Documentation

Query the Airflow Database


Overview

At Astronomer, each Airflow deployment is eqiupped with a PostgreSQL database that serves as Airflow's underlying metadata database and your Airflow scheduler's source of truth.

Astronomer hosts that database for Astronomer Cloud customers (each securely isolated from the rest) and our team helps Enterprise customers get their own set up during our platform installation.

Access Your Airflow Deployment's Postgres

To successfully leverage Airflow's "Ad Hoc Query" feature (acessible from the Airflow UI), you'll need to confirm access to the database in the first place.

Local Deployment

When developing locally, you'll need to set up your local Postgres connection.

1. Add libstdc++ to packages.txt

Airflow uses Pandas to power the Ad Hoc Query engine, which requires this additional dependency.

libstdc++ is a top-level Alpine-level package that belongs in packages.txt, a file automatically generated upon initializing an Airflow project with Astronomer's CLI.
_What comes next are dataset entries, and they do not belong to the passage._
(* Let $p\ne2$ be a rational prime and let $\mathbf{f}\in H_{1,2,2}$ be primitive to $p$ with $N(\mathbf{f})\equiv0\pmod p$. Then there exists $\widehat{\mathbf{f}}\in H_{1,2,2}$ with $\widehat{\mathbf{f}}-\mathbf{f}\in pH_{1,2,2}$, $N(\widehat{\mathbf{f}})\equiv0\pmod p$ and $N(\widehat{\mathbf{f}})\not\equiv0\pmod{p^2}$.
   Context: Let $\mathbf{i},\mathbf{j},\mathbf{k}$ be the standard quaternion units; $\overline{\mathbf{q}}$ is quaternion conjugation and $N(\mathbf{q})=\mathbf{q}\overline{\mathbf{q}}$. $H_{1,2,2}$ is the subring of the quaternions equal to the $\mathbb{Z}$-module generated by $\mathbf{v}_1=1$, $\mathbf{v}_2=\mathbf{i}$, $\mathbf{v}_3=\tfrac12(1+\mathbf{i}+\sqrt2\,\mathbf{j})$, $\mathbf{v}_4=\tfrac12(1+\mathbf{i}+\sqrt2\,\mathbf{k})$. An element $g_1\mathbf{v}_1+g_2\mathbf{v}_2+g_3\mathbf{v}_3+g_4\mathbf{v}_4$ ($g_i\in\mathbb{Z}$) is primitive to $p$ if $\gcd(g_1,g_2,g_3,g_4,p)=1$. *)

theory Defs
  imports Complex_Main "HOL-Computational_Algebra.Primes"
begin

datatype quat = Quat (Re: real) (Im1: real) (Im2: real) (Im3: real)

definition qadd :: "quat \<Rightarrow> quat \<Rightarrow> quat" where
  "qadd x y = Quat (Re x + Re y) (Im1 x + Im1 y) (Im2 x + Im2 y) (Im3 x + Im3 y)"

definition qsub :: "quat \<Rightarrow> quat \<Rightarrow> quat" where
  "qsub x y = Quat (Re x - Re y) (Im1 x - Im1 y) (Im2 x - Im2 y) (Im3 x - Im3 y)"

definition qscale :: "real \<Rightarrow> quat \<Rightarrow> quat" where
  "qscale r x = Quat (r * Re x) (r * Im1 x) (r * Im2 x) (r * Im3 x)"

text \<open>Hamilton product (i^2 = j^2 = k^2 = ijk = -1).\<close>
definition qmult :: "quat \<Rightarrow> quat \<Rightarrow> quat" where
  "qmult x y = Quat
     (Re x * Re y - Im1 x * Im1 y - Im2 x * Im2 y - Im3 x * Im3 y)
     (Re x * Im1 y + Im1 x * Re y + Im2 x * Im3 y - Im3 x * Im2 y)
     (Re x * Im2 y - Im1 x * Im3 y + Im2 x * Re y + Im3 x * Im1 y)
     (Re x * Im3 y + Im1 x * Im2 y - Im2 x * Im1 y + Im3 x * Re y)"

definition qcnj :: "quat \<Rightarrow> quat" where
  "qcnj x = Quat (Re x) (- Im1 x) (- Im2 x) (- Im3 x)"

text \<open>N(q) = q * conj q (a quaternion; it is real, i.e. has zero imaginary part).\<close>
definition qnorm :: "quat \<Rightarrow> quat" where
  "qnorm q = qmult q (qcnj q)"

definition qreal :: "real \<Rightarrow> quat" where
  "qreal r = Quat r 0 0 0"

definition v1 :: quat where "v1 = Quat 1 0 0 0"
definition v2 :: quat where "v2 = Quat 0 1 0 0"
definition v3 :: quat where "v3 = Quat (1/2) (1/2) (sqrt 2 / 2) 0"
definition v4 :: quat where "v4 = Quat (1/2) (1/2) 0 (sqrt 2 / 2)"

definition hcomb :: "int \<Rightarrow> int \<Rightarrow> int \<Rightarrow> int \<Rightarrow> quat" where
  "hcomb g1 g2 g3 g4 = qadd (qadd (qscale (of_int g1) v1) (qscale (of_int g2) v2))
                            (qadd (qscale (of_int g3) v3) (qscale (of_int g4) v4))"

definition H122 :: "quat set" where
  "H122 = {hcomb g1 g2 g3 g4 | g1 g2 g3 g4. True}"

definition primitive_to :: "int \<Rightarrow> quat \<Rightarrow> bool" where
  "primitive_to p f \<longleftrightarrow> (\<exists>g1 g2 g3 g4. f = hcomb g1 g2 g3 g4 \<and>
      gcd g1 (gcd g2 (gcd g3 (gcd g4 p))) = 1)"

definition norm_cong0 :: "quat \<Rightarrow> int \<Rightarrow> bool" where
  "norm_cong0 q m \<longleftrightarrow> (\<exists>k::int. qnorm q = qreal (of_int (m * k)))"

end

theory Submission
  imports Defs
begin

text \<open>In the coordinates g1, ..., g4 the norm on H_{1,2,2} is an integral quadratic form Q
whose Gram matrix has determinant a power of 2, so for odd p its polar form B is
nondegenerate modulo p. If p^2 divides Q(f), then Q(f + p x) = Q(f) + p B(f, x) + p^2 Q(x)
is congruent to p B(f, x) modulo p^2, and since f is nonzero modulo p some coordinate
vector x has B(f, x) prime to p; f + p x is then the required lift.\<close>

definition norm_form :: "int \<Rightarrow> int \<Rightarrow> int \<Rightarrow> int \<Rightarrow> int" where
  "norm_form a b c d = a^2 + b^2 + c^2 + d^2 + c*d + (a + b)*(c + d)"

definition polar_form :: "int \<Rightarrow> int \<Rightarrow> int \<Rightarrow> int \<Rightarrow> int \<Rightarrow> int \<Rightarrow> int \<Rightarrow> int \<Rightarrow> int" where
  "polar_form a b c d x y z w =
     x * (2*a + c + d) + y * (2*b + c + d) + z * (a + b + 2*c + d) + w * (a + b + c + 2*d)"

lemma norm_form_add_smult:
  "norm_form (a + p*x) (b + p*y) (c + p*z) (d + p*w)
     = norm_form a b c d + p * polar_form a b c d x y z w + p^2 * norm_form x y z w"
  unfolding norm_form_def polar_form_def by (simp add: algebra_simps power2_eq_square)

lemma odd_dvd_double_imp_dvd:
  fixes p :: int
  assumes "odd p" and "p dvd 2 * x"
  shows "p dvd x"
  using assms by (simp add: coprime_dvd_mult_right_iff coprime_commute)

lemma polar_form_nondegenerate_mod:
  fixes p :: int
  assumes "odd p" and polar_dvd: "\<And>x y z w. p dvd polar_form a b c d x y z w"
  shows "p dvd a \<and> p dvd b \<and> p dvd c \<and> p dvd d"
proof -
  define B1 B2 B3 B4 where "B1 = polar_form a b c d 1 0 0 0" and "B2 = polar_form a b c d 0 1 0 0"
    and "B3 = polar_form a b c d 0 0 1 0" and "B4 = polar_form a b c d 0 0 0 1"
  have "p dvd B1" "p dvd B2" "p dvd B3" "p dvd B4"
    unfolding B1_def B2_def B3_def B4_def by (fact polar_dvd)+
  \<comment> \<open>Twice the inverse of the Gram matrix is integral.\<close>
  moreover have "2*a = 2*B1 + B2 - B3 - B4" "2*b = B1 + 2*B2 - B3 - B4"
    "2*c = 2*B3 - B1 - B2" "2*d = 2*B4 - B1 - B2"
    unfolding B1_def B2_def B3_def B4_def polar_form_def by simp_all
  ultimately have "p dvd 2*a" "p dvd 2*b" "p dvd 2*c" "p dvd 2*d"
    by (metis dvd_add dvd_diff dvd_mult)+
  then show ?thesis
    using odd_dvd_double_imp_dvd[OF \<open>odd p\<close>] by blast
qed

lemma norm_form_exists_lift_not_dvd_square:
  fixes p :: int
  assumes "odd p" and "p dvd norm_form a b c d"
    and nonzero_mod: "\<not> (p dvd a \<and> p dvd b \<and> p dvd c \<and> p dvd d)"
  shows "\<exists>x y z w. p dvd norm_form (a + p*x) (b + p*y) (c + p*z) (d + p*w)
                 \<and> \<not> p^2 dvd norm_form (a + p*x) (b + p*y) (c + p*z) (d + p*w)"
proof (cases "p^2 dvd norm_form a b c d")
  case False
  then show ?thesis
    using \<open>p dvd norm_form a b c d\<close> by (intro exI[of _ 0]) simp
next
  case True
  obtain x y z w where polar: "\<not> p dvd polar_form a b c d x y z w"
    using polar_form_nondegenerate_mod[OF \<open>odd p\<close>] nonzero_mod by blast
  have "p \<noteq> 0"
    using \<open>odd p\<close> by auto
  then have "\<not> p^2 dvd p * polar_form a b c d x y z w"
    using polar by (simp add: power2_eq_square)
  moreover have "norm_form (a + p*x) (b + p*y) (c + p*z) (d + p*w)
      = (norm_form a b c d + p^2 * norm_form x y z w) + p * polar_form a b c d x y z w"
    by (simp add: norm_form_add_smult)
  moreover have "p^2 dvd norm_form a b c d + p^2 * norm_form x y z w"
    using True by simp
  ultimately have "\<not> p^2 dvd norm_form (a + p*x) (b + p*y) (c + p*z) (d + p*w)"
    by (simp add: dvd_add_right_iff)
  moreover have "p dvd norm_form (a + p*x) (b + p*y) (c + p*z) (d + p*w)"
    using \<open>p dvd norm_form a b c d\<close> by (simp add: norm_form_add_smult power2_eq_square)
  ultimately show ?thesis
    by blast
qed

lemma qnorm_hcomb: "qnorm (hcomb a b c d) = qreal (of_int (norm_form a b c d))"
  using real_sqrt_mult_self[of 2]
  unfolding qnorm_def hcomb_def qadd_def qscale_def v1_def v2_def v3_def v4_def qmult_def
    qcnj_def qreal_def norm_form_def
  by (simp add: algebra_simps power2_eq_square)

lemma norm_cong0_hcomb_iff: "norm_cong0 (hcomb a b c d) m \<longleftrightarrow> m dvd norm_form a b c d"
  unfolding norm_cong0_def qnorm_hcomb qreal_def dvd_def
  by (auto simp del: of_int_mult simp add: of_int_eq_iff[symmetric] of_int_mult[symmetric])

lemma qsub_hcomb:
  "qsub (hcomb a b c d) (hcomb a' b' c' d') = hcomb (a - a') (b - b') (c - c') (d - d')"
  unfolding qsub_def hcomb_def qadd_def qscale_def by (simp add: algebra_simps)

lemma qscale_hcomb: "qscale (of_int p) (hcomb a b c d) = hcomb (p*a) (p*b) (p*c) (p*d)"
  unfolding hcomb_def qadd_def qscale_def by (simp add: algebra_simps)

lemma hcomb_in_H122 [simp]: "hcomb a b c d \<in> H122"
  unfolding H122_def by blast

theorem lemma39:
  fixes p :: int and f :: quat
  assumes "prime p" and "p \<noteq> 2"
    and "f \<in> H122" and "primitive_to p f"
    and "norm_cong0 f p"
  shows "\<exists>fh \<in> H122. (\<exists>h \<in> H122. qsub fh f = qscale (of_int p) h)
            \<and> norm_cong0 fh p \<and> \<not> norm_cong0 fh (p^2)"
proof -
  obtain a b c d where f: "f = hcomb a b c d" and gcd: "gcd a (gcd b (gcd c (gcd d p))) = 1"
    using \<open>primitive_to p f\<close> unfolding primitive_to_def by metis
  have "p > 2"
    using prime_ge_2_int[OF \<open>prime p\<close>] \<open>p \<noteq> 2\<close> by linarith
  then have "odd p"
    using \<open>prime p\<close> prime_odd_int by blast
  moreover have "p dvd norm_form a b c d"
    using \<open>norm_cong0 f p\<close> by (simp add: f norm_cong0_hcomb_iff)
  moreover have "\<not> (p dvd a \<and> p dvd b \<and> p dvd c \<and> p dvd d)"
  proof
    assume "p dvd a \<and> p dvd b \<and> p dvd c \<and> p dvd d"
    then have "p dvd gcd a (gcd b (gcd c (gcd d p)))"
      by simp
    then show False
      using gcd \<open>prime p\<close> by (simp add: not_prime_unit)
  qed
  ultimately obtain x y z w
    where "p dvd norm_form (a + p*x) (b + p*y) (c + p*z) (d + p*w)"
      and "\<not> p^2 dvd norm_form (a + p*x) (b + p*y) (c + p*z) (d + p*w)"
    using norm_form_exists_lift_not_dvd_square by blast
  moreover have "qsub (hcomb (a + p*x) (b + p*y) (c + p*z) (d + p*w)) f
      = qscale (of_int p) (hcomb x y z w)"
    by (simp add: f qsub_hcomb qscale_hcomb)
  ultimately show ?thesis
    by (metis hcomb_in_H122 norm_cong0_hcomb_iff)
qed

end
2. Find the airflow_db Connection Object

On the Airflow UI, navigate over to Admin > Connections.

The airflow_db connection is generated by default.

Connections Page

3. Edit the Connection

In the airflow_db connection object:

  • Change the Conn Type to Postgres

  • Add the following connection information:

    ```
    host: postgres
    schema: postgres
    login: postgres
    password: postgres
    port (optional): 5432
    ```

    Your connection should look something like:

Local Connections Details Page

The port will be set to 5342 by default but if you’ve set a custom port, you’ll need to update that here as well.

4. Connect to the DB via a PostgreSQL Client

With the connection information above, you should be able to connect to the Airflow database from any PostgreSQL client.

A Remote Deployment

To set up a connection for a remote deployment on Astronomer Cloud or Enterprise, start with Steps 1 + 2 above.

3. Edit the Connection

The same way you followed the steps above for a local deployment, add the following connection details to the airflow_db connection object:

host: {release-name}-pgbouncer
schema: {release-name}-metadata
login: {release_name}_airflow
port: 6543

For example, if your deployment name was quasaric-sun-9051, the connection information would be the following:

Remote Connections Details Page

4. Pull your Postgres Password

Astronomer Cloud: If you're a Cloud customer, reach out to us at support@astronomer.io for the Password to your Deployment's Database.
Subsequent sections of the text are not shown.